Mas essa vantagem de ter “tudo pronto” é compensada com uma série de habilidades que os criadores precisam desenvolver, dentre as quais podemos destacar “o planejamento, a produção de um roteiro, captura de imagem e som a partir de sua interação no jogo em questão, a captura de voz para os personagens, edição de cenas e sons ambiente e de trilha para a obra, e até conhecimentos básicos de programação, entre outros”.² Além do exuberante volume de criatividade necessário para produzir as narrativas e montar e dar sentido a tudo o que foi produzido.

Afinal, justamente aqueles jogos que não teriam a trama como aspecto principal de sua jogabilidade acabam sendo as bases mais comuns para machinimas, como GTA, The Sims, Minecraft, entre vários outros. Diary of a Camper é a produção considerada o primeiro machinima; ela data de 1996 e foi produzida pela United Rangers Films a partir do jogo Quake. Um recente exemplo de machinima brasileiro é a série Girls in the House, produzida pelo canal Rao TV a partir do The Sims 4.

O gênero de machinimas funde de maneira interessante os papéis de jogador e de criador.

E se pensarmos a partir da ótica de que o modo de produção do conteúdo é uma apropriação da tecnologia do jogo pelo indivíduo, o machinima poderia ser uma forma, mesmo que não planejada pelos desenvolvedores, de jogar? Seria esse jogador um produtor ou um diretor, ou até mesmo um artista?³

Essas são reflexões ainda existentes no mundo do entretenimento, e não há consenso da posição que os machinimas e seus criadores ocupam diante de jogos e filmes. Ainda são tratados como produções audiovisuais amadoras e inferiores, principalmente pela dificuldade de enxergar todo o processo de criação e construção que ocorre por trás das câmeras.

Mas uma coisa é certa: machinimas carregam consigo uma forma nova e criativa de fazer gameplays e de contar histórias. Não importam os recursos, sempre encontramos formas diferentes de narrar, de criar, seja por meio de jogos, seja por meio do meu prato de comida. A necessidade humana de contar histórias prevalece!
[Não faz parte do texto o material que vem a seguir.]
lemma cocycle_commute:
  fixes C P :: "nat \<Rightarrow> real^'n^'n"
  assumes C: "\<forall>k\<ge>b. invertible (C k)"
    and P: "\<forall>k\<ge>b. C k ** P k = P (Suc k) ** C k"
    and "b \<le> m" "b \<le> n"
  shows "cocycle C m n ** P n = P m ** cocycle C m n"
proof -
  have forward: "cocycle C m n ** P n = P m ** cocycle C m n" if "b \<le> n" "n \<le> m" for m n
    using \<open>n \<le> m\<close>
  proof (induction m rule: dec_induct)
    case (step m)
    have "cocycle C (Suc m) n ** P n = C m ** (cocycle C m n ** P n)"
      using cocycle_Suc[OF step(1), of C] by (simp add: matrix_mul_assoc)
    also have "\<dots> = (C m ** P m) ** cocycle C m n" using step(3) by (simp add: matrix_mul_assoc)
    finally show ?case
      using P step(1) \<open>b \<le> n\<close> cocycle_Suc[OF step(1), of C] by (simp add: matrix_mul_assoc)
  qed simp
  show ?thesis
  proof (cases "n \<le> m")
    case False
    let ?X = "cocycle C n m" and ?Y = "cocycle C m n"
    have XY: "?X ** ?Y = mat 1" "?Y ** ?X = mat 1" using cocycle_inverse[OF C] assms by auto
    have "?Y ** P n = ?Y ** P n ** (?X ** ?Y)" using XY by simp
    also have "\<dots> = ?Y ** (P n ** ?X) ** ?Y" by (simp add: matrix_mul_assoc)
    also have "\<dots> = ?Y ** (?X ** P m) ** ?Y" using forward[of m n] False assms by simp
    also have "\<dots> = (?Y ** ?X) ** P m ** ?Y" by (simp add: matrix_mul_assoc)
    finally show ?thesis using XY by simp
  qed (use forward assms in auto)
qed

lemma cocycle_scaleR:
  fixes C :: "nat \<Rightarrow> real^'n^'n" and q :: "nat \<Rightarrow> real"
  assumes C: "\<forall>k\<ge>b. invertible (C k)"
    and q: "\<forall>k\<ge>b. q k \<noteq> 0"
    and "b \<le> m" "b \<le> n"
  shows "cocycle (\<lambda>k. (q (Suc k) / q k) *\<^sub>R C k) m n = (q m / q n) *\<^sub>R cocycle C m n"
proof -
  let ?\<Phi> = "fundamental_matrix C b"
  have \<Phi>: "invertible (?\<Phi> k)" for k by (rule invertible_fundamental_matrix[OF C])
  have inv: "matrix_inv (q k *\<^sub>R ?\<Phi> k) = (1 / q k) *\<^sub>R matrix_inv (?\<Phi> k)" if "b \<le> k" for k
    using matrix_inv_scaleR[OF \<Phi>] q that by auto
  have "cocycle (\<lambda>k. (q (Suc k) / q k) *\<^sub>R C k) m n = q m *\<^sub>R ?\<Phi> m ** matrix_inv (q n *\<^sub>R ?\<Phi> n)"
  proof (rule cocycle_eq_quotient[OF _ _ assms(3,4)])
    show "\<forall>k\<ge>b. invertible (q k *\<^sub>R ?\<Phi> k)" using q \<Phi> scalar_invertible by blast
    show "\<forall>k\<ge>b. (q (Suc k) / q k) *\<^sub>R C k = q (Suc k) *\<^sub>R ?\<Phi> (Suc k) ** matrix_inv (q k *\<^sub>R ?\<Phi> k)"
    proof (intro allI impI)
      fix k assume "b \<le> k"
      then have "C k = ?\<Phi> (Suc k) ** matrix_inv (?\<Phi> k)"
        using cocycle_fundamental_matrix[OF C, of "Suc k" k] by simp
      then show "(q (Suc k) / q k) *\<^sub>R C k = q (Suc k) *\<^sub>R ?\<Phi> (Suc k) ** matrix_inv (q k *\<^sub>R ?\<Phi> k)"
        using inv q \<open>b \<le> k\<close> by (simp add: matrix_scalar_ac scalar_matrix_assoc[symmetric])
    qed
  qed
  also have "\<dots> = (q m / q n) *\<^sub>R cocycle C m n"
    using inv[OF assms(4)] cocycle_fundamental_matrix[OF C assms(3,4)]
    by (simp add: matrix_scalar_ac scalar_matrix_assoc[symmetric])
  finally show ?thesis .
qed

definition dyadic_sampling :: "(nat \<Rightarrow> 'n::finite mat) \<Rightarrow> nat \<Rightarrow> 'n mat" where
  "dyadic_sampling C k = cocycle C (2^(k+1)) (2^k)"

lemma cocycle_dyadic_sampling:
  fixes C :: "nat \<Rightarrow> real^'n^'n"
  assumes C: "\<forall>k\<ge>1. invertible (C k)"
  shows "cocycle (dyadic_sampling C) m n = cocycle C (2^m) (2^n)"
proof -
  let ?F = "\<lambda>k. fundamental_matrix C 1 (2^k)"
  have "cocycle (dyadic_sampling C) m n = ?F m ** matrix_inv (?F n)"
  proof (rule cocycle_eq_quotient[of 0])
    show "\<forall>k\<ge>0. invertible (?F k)" using invertible_fundamental_matrix[OF C] by blast
    show "\<forall>k\<ge>0. dyadic_sampling C k = ?F (Suc k) ** matrix_inv (?F k)"
      using cocycle_fundamental_matrix[OF C] by (simp add: dyadic_sampling_def)
  qed simp_all
  then show ?thesis using cocycle_fundamental_matrix[OF C] by simp
qed

lemma cocycle_scaleR_const:
  fixes C :: "nat \<Rightarrow> real^'n^'n"
  assumes C: "\<forall>k\<ge>b. invertible (C k)" and "c \<noteq> 0" "b \<le> n" "n \<le> m"
  shows "cocycle (\<lambda>k. c *\<^sub>R C k) m n = c^(m - n) *\<^sub>R cocycle C m n"
    and "cocycle (\<lambda>k. c *\<^sub>R C k) n m = (1/c)^(m - n) *\<^sub>R cocycle C n m"
proof -
  have q: "\<forall>k\<ge>b. c^k \<noteq> 0" using \<open>c \<noteq> 0\<close> by simp
  have "(\<lambda>k. c *\<^sub>R C k) = (\<lambda>k. (c^Suc k / c^k) *\<^sub>R C k)" using \<open>c \<noteq> 0\<close> by simp
  then have scaled: "cocycle (\<lambda>k. c *\<^sub>R C k) i j = (c^i / c^j) *\<^sub>R cocycle C i j" if "b \<le> i" "b \<le> j" for i j
    using cocycle_scaleR[OF C q that] by simp
  obtain k where "m = n + k" using \<open>n \<le> m\<close> le_Suc_ex by blast
  then show "cocycle (\<lambda>k. c *\<^sub>R C k) m n = c^(m - n) *\<^sub>R cocycle C m n"
    and "cocycle (\<lambda>k. c *\<^sub>R C k) n m = (1/c)^(m - n) *\<^sub>R cocycle C n m"
    using scaled assms by (simp_all add: power_add power_one_over)
qed

section \<open>Gaps between the level sets of a monotone index\<close>

text \<open>Here \<open>res\<close> stands for the resolvent set and \<open>idx\<close> for the stable dimension.\<close>

locale spectral_index =
  fixes res :: "real set" and idx :: "real \<Rightarrow> nat" and d :: nat
  assumes d_pos: "1 \<le> d"
    and res_pos: "s \<in> res \<Longrightarrow> 0 < s"
    and idx_le: "s \<in> res \<Longrightarrow> idx s \<le> d"
    and idx_mono: "s \<in> res \<Longrightarrow> s' \<in> res \<Longrightarrow> s \<le> s' \<Longrightarrow> idx s \<le> idx s'"
    and res_between: "s1 \<in> res \<Longrightarrow> s2 \<in> res \<Longrightarrow> s1 \<le> s \<Longrightarrow> s \<le> s2 \<Longrightarrow> idx s1 = idx s2 \<Longrightarrow> s \<in> res"
    and idx_locally_const:
      "s \<in> res \<Longrightarrow> \<exists>lo hi. lo < s \<and> s < hi \<and> (\<forall>u. lo < u \<and> u < hi \<longrightarrow> u \<in> res \<and> idx u = idx s)"
    and idx_small: "\<exists>e>0. \<forall>s. 0 < s \<and> s \<le> e \<longrightarrow> s \<in> res \<and> idx s = 0"
    and idx_large: "\<exists>L. \<forall>s\<ge>L. s \<in> res \<and> idx s = d"
begin

definition level :: "nat \<Rightarrow> real set" where
  "level k = {s \<in> res. idx s = k}"

lemma level_less: "s \<in> level k \<Longrightarrow> s' \<in> level k' \<Longrightarrow> k < k' \<Longrightarrow> s < s'"
  using idx_mono[of s' s] by (force simp: level_def)

lemma level_no_extremum:
  assumes "s \<in> level k"
  shows "\<exists>s'\<in>level k. s' < s" "\<exists>s'\<in>level k. s < s'"
proof -
  obtain lo hi where "lo < s" "s < hi" and near: "\<And>u. lo < u \<Longrightarrow> u < hi \<Longrightarrow> u \<in> level k"
    using idx_locally_const[of s] assms by (auto simp: level_def)
  show "\<exists>s'\<in>level k. s' < s"
    using near[of "(lo + s) / 2"] \<open>lo < s\<close> \<open>s < hi\<close> by (intro bexI[of _ "(lo + s) / 2"]) auto
  show "\<exists>s'\<in>level k. s < s'"
    using near[of "(s + hi) / 2"] \<open>lo < s\<close> \<open>s < hi\<close> by (intro bexI[of _ "(s + hi) / 2"]) auto
qed

lemma level_side:
  assumes "s \<notin> res"
  shows "(\<forall>x\<in>level k. x < s) \<or> (\<forall>x\<in>level k. s < x)"
proof (rule ccontr)
  assume "\<not> ?thesis"
  then obtain x y where "x \<in> level k" "y \<in> level k" "s \<le> x" "y \<le> s" by (auto simp: not_less)
  then show False using res_between[of y x s] assms by (auto simp: level_def)
qed

definition levels :: "nat list" where
  "levels = sorted_list_of_set (idx ` res)"

definition gaps :: nat where
  "gaps = length levels - 1"

lemma idx_image_subset: "idx ` res \<subseteq> {0..d}"
  using idx_le by auto

lemma finite_idx_image: "finite (idx ` res)"
  using idx_image_subset finite_subset by blast

lemma zero_d_in_idx_image: "0 \<in> idx ` res" "d \<in> idx ` res"
  using idx_small idx_large by (force, force)

lemma length_levels: "length levels = Suc gaps"
  and gaps_pos: "1 \<le> gaps"
  and gaps_le: "gaps \<le> d"
proof -
  have "card {0, d} \<le> card (idx ` res)"
    using zero_d_in_idx_image finite_idx_image by (intro card_mono) auto
  moreover have "card (idx ` res) \<le> card {0..d}"
    using idx_image_subset by (intro card_mono) auto
  ultimately show "length levels = Suc gaps" "1 \<le> gaps" "gaps \<le> d"
    using d_pos finite_idx_image by (auto simp: levels_def gaps_def)
qed

lemma set_levels: "set levels = idx ` res"
  using finite_idx_image by (simp add: levels_def)

lemma levels_less: "i < j \<Longrightarrow> j \<le> gaps \<Longrightarrow> levels ! i < levels ! j"
  using sorted_wrt_nth_less[OF strict_sorted_list_of_set[of "idx ` res"]] length_levels
  by (simp add: levels_def)

lemma level_nonempty: "i \<le> gaps \<Longrightarrow> level (levels ! i) \<noteq> {}"
  using nth_mem[of i levels] length_levels set_levels by (force simp: level_def)

lemma res_in_level: "s \<in> res \<Longrightarrow> \<exists>j\<le>gaps. s \<in> level (levels ! j)"
  using set_levels length_levels by (force simp: level_def in_set_conv_nth less_Suc_eq_le)

lemma levels_first: "levels ! 0 = 0" and levels_last: "levels ! gaps = d"
proof -
  obtain i j where "i \<le> gaps" "levels ! i = 0" "j \<le> gaps" "levels ! j = d"
    using zero_d_in_idx_image set_levels length_levels
    by (metis in_set_conv_nth less_Suc_eq_le)
  moreover have "levels ! gaps \<le> d"
    using nth_mem[of gaps levels] length_levels set_levels idx_image_subset by force
  ultimately show "levels ! 0 = 0" "levels ! gaps = d"
    using levels_less[of 0 i] levels_less[of j gaps] by (cases "i = 0"; cases "j = gaps"; simp)+
qed

definition gap_lo :: "nat \<Rightarrow> real" where
  "gap_lo i = Sup (level (levels ! (i - 1)))"

definition gap_hi :: "nat \<Rightarrow> real" where
  "gap_hi i = Inf (level (levels ! i))"

lemma le_gap_lo:
  assumes "1 \<le> i" "i \<le> gaps" "j < i" "x \<in> level (levels ! j)"
  shows "x \<le> gap_lo i"
proof -
  obtain y where y: "y \<in> level (levels ! i)" using level_nonempty assms by blast
  have bdd: "bdd_above (level (levels ! (i - 1)))"
    using level_less[OF _ y] levels_less[of "i - 1" i] assms by (intro bdd_aboveI[of _ y]) force
  obtain z where z: "z \<in> level (levels ! (i - 1))" using level_nonempty assms by force
  have "\<exists>z\<in>level (levels ! (i - 1)). x \<le> z"
  proof (cases "j = i - 1")
    case False
    then have "j < i - 1" using assms by simp
    then have "x < z" using level_less[OF assms(4) z] levels_less[of j "i - 1"] assms by simp
    with z show ?thesis by (auto intro: less_imp_le)
  qed (use assms in auto)
  then show ?thesis using bdd cSup_upper unfolding gap_lo_def by (meson order_trans)
qed

lemma gap_hi_le:
  assumes "i \<le> j" "j \<le> gaps" "x \<in> level (levels ! j)"
  shows "gap_hi i \<le> x"
proof -
  have bdd: "bdd_below (level (levels ! i))"
    using res_pos by (intro bdd_belowI[of _ 0]) (auto simp: level_def less_imp_le)
  obtain z where z: "z \<in> level (levels ! i)" using level_nonempty assms by force
  have "\<exists>z\<in>level (levels ! i). z \<le> x"
  proof (cases "j = i")
    case False
    then have "i < j" using assms by simp
    then have "z < x" using level_less[OF z assms(3)] levels_less[of i j] assms by simp
    with z show ?thesis by (auto intro: less_imp_le)
  qed (use assms in auto)
  then show ?thesis using bdd cInf_lower unfolding gap_hi_def by (meson order_trans)
qed

lemma gap_lo_pos:
  assumes "1 \<le> i" "i \<le> gaps"
  shows "0 < gap_lo i"
proof -
  obtain x where x: "x \<in> level (levels ! (i - 1))" using level_nonempty[of "i - 1"] assms by force
  then have "0 < x" using res_pos by (simp add: level_def)
  also have "x \<le> gap_lo i" using le_gap_lo[OF assms _ x] assms by simp
  finally show ?thesis .
qed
¹ Yilmaz, Recep & Ciğerci, Fatih Mehmet. A Brief History of Storytelling: From Primitive Dance to Digital Narration. In: Yılmaz, Recep; Erdem, M. Nur; Resuloğlu, Filiz. Handbook of Research on Transmedia Storytelling and Narrative Strategies. Hershey: IGI Global, 2018. p. 3.

² Maia, Alessandra; Regis, Fátima; Marinho, Kerolayne; Fernandes, Carolina. Precisamos Falar Sobre Machinima! Uma Introdução ao Fenômeno de Processo de Produção Audiovisual de Videogames. In: 41º Congresso Brasileiro de Ciências da Comunicação. Joinville: Intercom – Sociedade Brasileira de Estudos Interdisciplinares da Comunicação, 2018. p. 7.

³ Ibid., p. 6.



Texto publicado na edição 6 — ludicidade da revista Alcateia.